- Exercise directions
Even where a record seems odd, copy it exactly as it appears below.

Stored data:
theorem mainTheorem4:
  fixes T :: "pt set set" and m :: nat and r :: int and rr :: "pt set \<Rightarrow> int"
    and \<sigma> \<tau>1 \<tau>2 \<tau>3 :: "pt set" and \<gamma>1 \<gamma>2 \<gamma>3 :: pt
  assumes tri: "triangulation T"
    and r_ge: "r \<ge> -1"
    and rr_vals: "\<forall>\<tau>\<in>int_edges T. rr \<tau> = r \<or> rr \<tau> = -1"
    and acyc: "lower_acyclic T m rr"
    and face: "\<sigma> \<in> T"
    and edges_of_face: "\<tau>1 \<subseteq> \<sigma>" "\<tau>2 \<subseteq> \<sigma>" "\<tau>3 \<subseteq> \<sigma>"
      "card \<tau>1 = 2" "card \<tau>2 = 2" "card \<tau>3 = 2"
      "\<tau>1 \<noteq> \<tau>2" "\<tau>2 \<noteq> \<tau>3" "\<tau>1 \<noteq> \<tau>3"
    and verts: "\<tau>1 \<inter> \<tau>2 = {\<gamma>1}" "\<tau>2 \<inter> \<tau>3 = {\<gamma>2}" "\<tau>3 \<inter> \<tau>1 = {\<gamma>3}"
    and interior: "\<gamma>1 \<in> int_verts T" "\<gamma>2 \<in> int_verts T" "\<gamma>3 \<in> int_verts T"
    and r_on_edges: "rr \<tau>1 = r" "rr \<tau>2 = r" "rr \<tau>3 = r"
    and no_minus_one: "\<forall>\<gamma>\<in>{\<gamma>1, \<gamma>2, \<gamma>3}. \<forall>\<tau>\<in>int_edges T. \<gamma> \<in> \<tau> \<longrightarrow> rr \<tau> \<noteq> -1"
    and bound: "real m > (of_int (
        (r + \<lceil>real_of_int (r + 1) / real_of_int (min (r + 2) (int (nslopes T \<gamma>1)) - 1)\<rceil>)
      + (r + \<lceil>real_of_int (r + 1) / real_of_int (min (r + 2) (int (nslopes T \<gamma>2)) - 1)\<rceil>)
      + (r + \<lceil>real_of_int (r + 1) / real_of_int (min (r + 2) (int (nslopes T \<gamma>3)) - 1)\<rceil>)
      - 3)) / 2"
  shows "lower_acyclic T m (\<lambda>\<tau>. if \<tau> \<in> {\<tau>1, \<tau>2, \<tau>3} then -1 else rr \<tau>)"
proof -
  let ?V = "{\<gamma>1, \<gamma>2, \<gamma>3}" and ?s = "\<lambda>\<tau>. if \<tau> \<in> {\<tau>1, \<tau>2, \<tau>3} then -1 else rr \<tau>"
  note F = interior_face[OF tri face edges_of_face verts interior(1,2)]
  have rv: "rr \<tau> = r" if "\<gamma> \<in> ?V" "\<tau> \<in> int_edges T" "\<gamma> \<in> \<tau>" for \<gamma> \<tau>
    using rr_vals no_minus_one that by blast
  have "\<gamma>1 \<in> \<tau>2" "\<tau>2 \<in> int_edges T" using F(4,9) by simp_all
  then have r: "0 \<le> r" using no_minus_one r_on_edges(2) r_ge by force
  have "Omega r (nslopes T \<gamma>1) + Omega r (nslopes T \<gamma>2) + Omega r (nslopes T \<gamma>3) < 2 * int m + 3"
    by (rule int_less_of_real_half_less, unfold Omega_def, rule bound)
  from Pm_subset_sum_J_vert[OF tri F(1) F(6-8) interior _ r this]
  have split: "Pm m \<subseteq> sum_space ?V (J_vert T m rr)" using rv by blast
  have "H0_vanishes T m ?s"
  proof (rule H0_vanishes_mono)
    show "H0_vanishes T m rr" using acyc unfolding lower_acyclic_def by simp
    show "J_vert T m rr \<gamma> \<subseteq> J_vert T m ?s \<gamma>" for \<gamma> by (intro J_vert_mono J_edge_mono) simp
  qed
  moreover have "H1_vanishes T m ?s"
  proof (rule H1_vanishes_relax[OF tri _ _ F(11)[unfolded F(2)] split])
    show "H1_vanishes T m rr" using acyc unfolding lower_acyclic_def by simp
    show "?s \<tau> = -1" if "\<tau> \<in> int_edges T" "\<tau> \<subseteq> ?V" for \<tau>
      using F(10)[unfolded F(2), of \<tau>] that unfolding int_edges_def by auto
    show "?s \<tau> = rr \<tau>" if "\<tau> \<in> int_edges T" "\<not> \<tau> \<subseteq> ?V" for \<tau>
      using that F(3-5) by auto
  qed simp
  ultimately show ?thesis unfolding lower_acyclic_def by simp
qed

end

- Result for this exercise
theorem mainTheorem4:
  fixes T :: "pt set set" and m :: nat and r :: int and rr :: "pt set \<Rightarrow> int"
    and \<sigma> \<tau>1 \<tau>2 \<tau>3 :: "pt set" and \<gamma>1 \<gamma>2 \<gamma>3 :: pt
  assumes tri: "triangulation T"
    and r_ge: "r \<ge> -1"
    and rr_vals: "\<forall>\<tau>\<in>int_edges T. rr \<tau> = r \<or> rr \<tau> = -1"
    and acyc: "lower_acyclic T m rr"
    and face: "\<sigma> \<in> T"
    and edges_of_face: "\<tau>1 \<subseteq> \<sigma>" "\<tau>2 \<subseteq> \<sigma>" "\<tau>3 \<subseteq> \<sigma>"
      "card \<tau>1 = 2" "card \<tau>2 = 2" "card \<tau>3 = 2"
      "\<tau>1 \<noteq> \<tau>2" "\<tau>2 \<noteq> \<tau>3" "\<tau>1 \<noteq> \<tau>3"
    and verts: "\<tau>1 \<inter> \<tau>2 = {\<gamma>1}" "\<tau>2 \<inter> \<tau>3 = {\<gamma>2}" "\<tau>3 \<inter> \<tau>1 = {\<gamma>3}"
    and interior: "\<gamma>1 \<in> int_verts T" "\<gamma>2 \<in> int_verts T" "\<gamma>3 \<in> int_verts T"
    and r_on_edges: "rr \<tau>1 = r" "rr \<tau>2 = r" "rr \<tau>3 = r"
    and no_minus_one: "\<forall>\<gamma>\<in>{\<gamma>1, \<gamma>2, \<gamma>3}. \<forall>\<tau>\<in>int_edges T. \<gamma> \<in> \<tau> \<longrightarrow> rr \<tau> \<noteq> -1"
    and bound: "real m > (of_int (
        (r + \<lceil>real_of_int (r + 1) / real_of_int (min (r + 2) (int (nslopes T \<gamma>1)) - 1)\<rceil>)
      + (r + \<lceil>real_of_int (r + 1) / real_of_int (min (r + 2) (int (nslopes T \<gamma>2)) - 1)\<rceil>)
      + (r + \<lceil>real_of_int (r + 1) / real_of_int (min (r + 2) (int (nslopes T \<gamma>3)) - 1)\<rceil>)
      - 3)) / 2"
  shows "lower_acyclic T m (\<lambda>\<tau>. if \<tau> \<in> {\<tau>1, \<tau>2, \<tau>3} then -1 else rr \<tau>)"
proof -
  let ?V = "{\<gamma>1, \<gamma>2, \<gamma>3}" and ?s = "\<lambda>\<tau>. if \<tau> \<in> {\<tau>1, \<tau>2, \<tau>3} then -1 else rr \<tau>"
  note F = interior_face[OF tri face edges_of_face verts interior(1,2)]
  have rv: "rr \<tau> = r" if "\<gamma> \<in> ?V" "\<tau> \<in> int_edges T" "\<gamma> \<in> \<tau>" for \<gamma> \<tau>
    using rr_vals no_minus_one that by blast
  have "\<gamma>1 \<in> \<tau>2" "\<tau>2 \<in> int_edges T" using F(4,9) by simp_all
  then have r: "0 \<le> r" using no_minus_one r_on_edges(2) r_ge by force
  have "Omega r (nslopes T \<gamma>1) + Omega r (nslopes T \<gamma>2) + Omega r (nslopes T \<gamma>3) < 2 * int m + 3"
    by (rule int_less_of_real_half_less, unfold Omega_def, rule bound)
  from Pm_subset_sum_J_vert[OF tri F(1) F(6-8) interior _ r this]
  have split: "Pm m \<subseteq> sum_space ?V (J_vert T m rr)" using rv by blast
  have "H0_vanishes T m ?s"
  proof (rule H0_vanishes_mono)
    show "H0_vanishes T m rr" using acyc unfolding lower_acyclic_def by simp
    show "J_vert T m rr \<gamma> \<subseteq> J_vert T m ?s \<gamma>" for \<gamma> by (intro J_vert_mono J_edge_mono) simp
  qed
  moreover have "H1_vanishes T m ?s"
  proof (rule H1_vanishes_relax[OF tri _ _ F(11)[unfolded F(2)] split])
    show "H1_vanishes T m rr" using acyc unfolding lower_acyclic_def by simp
    show "?s \<tau> = -1" if "\<tau> \<in> int_edges T" "\<tau> \<subseteq> ?V" for \<tau>
      using F(10)[unfolded F(2), of \<tau>] that unfolding int_edges_def by auto
    show "?s \<tau> = rr \<tau>" if "\<tau> \<in> int_edges T" "\<not> \<tau> \<subseteq> ?V" for \<tau>
      using that F(3-5) by auto
  qed simp
  ultimately show ?thesis unfolding lower_acyclic_def by simp
qed

end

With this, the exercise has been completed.